午前0時の恋人契約
「……お前、結婚はしないのか?」
「へ?」
結婚?
これまで聞かれたことのなかった話題なだけに、その一言に驚き、箸でつまんでいたお肉が手元の器にべちゃ、と落ちた。
「なに?いきなり……結婚だなんて」
「いや、27となればもうそういう話が出てもいい歳だろう?今まであえて口には出さなかったが、実は父さんも気にしていたというか、心配していたというかだな……」
遠慮がちにごにょごにょと言う父に、さすがに再度お肉を食べようとする手を止め、器と箸をテーブルに置いた。

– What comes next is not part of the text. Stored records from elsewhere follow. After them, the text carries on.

(* Let $\mathcal X_0\subset\mathcal X$ and $\mathcal Y_0\subset\mathcal Y$ be inclusions of operator systems and let $\alpha$ be a functorial operator system tensor product. Set $\mathcal R=\mathcal X\otimes_\alpha\mathcal Y$ and let $\mathcal R_0$ be $\mathcal X_0\otimes\mathcal Y_0$ with the operator system structure obtained by restriction from $\mathcal X\otimes_\alpha\mathcal Y$. Then $$\mathrm{Ind}_{\mathrm{CP}}(\mathcal R:\mathcal R_0)\le\mathrm{Ind}_{\mathrm{CP}}(\mathcal X:\mathcal X_0)\,\mathrm{Ind}_{\mathrm{CP}}(\mathcal Y:\mathcal Y_0).$$
   Context: For an operator system $\mathcal X$ with unit $1$, $\mathrm{CP}(\mathcal X)$ denotes the completely positive maps $\mathcal X\to\mathcal X$ and $\mathrm{CP}_1(\mathcal X)$ the set of $\varphi\in\mathrm{CP}(\mathcal X)$ with $\varphi(\mathbb C1)\subset\mathbb C1$. For an operator subsystem $\mathcal X_0\subset\mathcal X$, $\mathrm{Ind}_{\mathrm{CP}}(\mathcal X:\mathcal X_0)=\inf\{\|\varphi(1)\|:\varphi\in\mathrm{CP}_1(\mathcal X),\ \varphi(\mathcal X)\subset\mathcal X_0,\ \varphi-\mathrm{id}_{\mathcal X}\in\mathrm{CP}(\mathcal X)\}$ ($\infty$ if empty). An operator system structure on $\mathcal X\otimes\mathcal Y$ is a family of cones $\mathcal R_n\subset M_n(\mathcal X\otimes\mathcal Y)_h$ such that (1) $\mathcal X\otimes\mathcal Y$ with these cones and unit $1_{\mathcal X}\otimes1_{\mathcal Y}$ is an operator system; (2) $M_n(\mathcal X)^+\otimes M_m(\mathcal Y)^+\subset\mathcal R_{nm}$; (3) for unital completely positive $u:\mathcal X\to M_n$, $v:\mathcal Y\to M_m$, the map $u\otimes v:\mathcal X\otimes\mathcal Y\to M_{nm}$ is unital completely positive. An operator system tensor product $\alpha$ assigns such a structure $\mathcal X\otimes_\alpha\mathcal Y$ to every pair of operator systems; it is functorial if for all operator systems $\mathcal X,\mathcal Y,\mathcal S,\mathcal T$ and unital completely positive $u:\mathcal X\to\mathcal S$, $v:\mathcal Y\to\mathcal T$, the map $u\otimes v:\mathcal X\otimes_\alpha\mathcal Y\to\mathcal S\otimes_\alpha\mathcal T$ is unital completely positive. *)

theory Defs
  imports Complex_Main "HOL-Library.Function_Algebras" "HOL-Library.Extended_Real"
begin

text \<open>Abstract operator systems (Choi--Effros), represented by a carrier set inside an
ambient additive group type, together with complex scalar multiplication, involution,
unit and the matrix cones.  An n x n matrix over V is a function nat => nat => V that
vanishes outside the index range {0..<n} x {0..<n}.\<close>

record 'v opsys =
  ocarrier :: "'v set"
  oscal :: "complex \<Rightarrow> 'v \<Rightarrow> 'v"
  ostar :: "'v \<Rightarrow> 'v"
  ounit :: "'v"
  ocone :: "nat \<Rightarrow> (nat \<Rightarrow> nat \<Rightarrow> 'v) set"

type_synonym 'v mat = "nat \<Rightarrow> nat \<Rightarrow> 'v"

definition Mn :: "'v::zero set \<Rightarrow> nat \<Rightarrow> 'v mat set" where
  "Mn S n = {A. (\<forall>i j. i < n \<and> j < n \<longrightarrow> A i j \<in> S) \<and>
                 (\<forall>i j. \<not> (i < n \<and> j < n) \<longrightarrow> A i j = 0)}"

definition herm :: "('v::zero) opsys \<Rightarrow> nat \<Rightarrow> 'v mat set" where
  "herm X n = {A \<in> Mn (ocarrier X) n. \<forall>i<n. \<forall>j<n. A j i = ostar X (A i j)}"

definition unitm :: "('v::zero) opsys \<Rightarrow> nat \<Rightarrow> 'v mat" where
  "unitm X n = (\<lambda>i j. if i < n \<and> j < n \<and> i = j then ounit X else 0)"

definition madd :: "('v::plus) mat \<Rightarrow> 'v mat \<Rightarrow> 'v mat" where
  "madd A B = (\<lambda>i j. A i j + B i j)"

definition mscal :: "'v opsys \<Rightarrow> complex \<Rightarrow> 'v mat \<Rightarrow> 'v mat" where
  "mscal X c A = (\<lambda>i j. oscal X c (A i j))"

「うーん……まぁ、予定はない、かな。この先する気も、特にないよ」
「母さんのことがあるから気乗りしないのは分かるが……だけどな、お父さんとしてはすみれに一生ひとりでいてほしいとは思わないんだ。誰かと家庭を築く幸せを知ってほしい」
「バツイチが言うのも説得力がないけどな」と笑う父に、娘としてはやはり少し申し訳ない気持ちになってしまう。
そう、だよね。私の友達だって、もう皆結婚したり子供がいたり、未婚でも彼氏と同棲していたり……と、そういう話が当たり前。
そんな中で、予定もこの先する気もない、と言われては、父親としては悲しいだろう。
……でも、そういう気がないんだもん。仕方ないよね。
だって私にはそもそも、誰かを好きになったり、恋をする勇気がない。
「……だが、お前自身にそういう気持ちがないのなら、仕方がないよな」
「うん、ごめんねお父さん。私……」
「実はお前がそう言うと思って、見合い話を持ってきたんだ」
って……お、お見合い??
「へ……?」
さらに驚ききょとんとする私に、父は隣に置いてあった黒い鞄からなにかを取り出したかと思えば、しゃぶしゃぶ鍋の横にどさりと積み上げた。
それは十何枚はあろうかという封筒で、そのうちのひとつを手に取り恐る恐る中身を見れば、そこにはスーツを着た同じ歳くらいの男性の写真と、名前や学歴・趣味などがつらつらと書いてある紙が入っている。
こ、これは……俗に言う、お見合い写真というやつでは。
一度は見た写真をそっと封筒へと戻し、また封筒の山へと重ねた。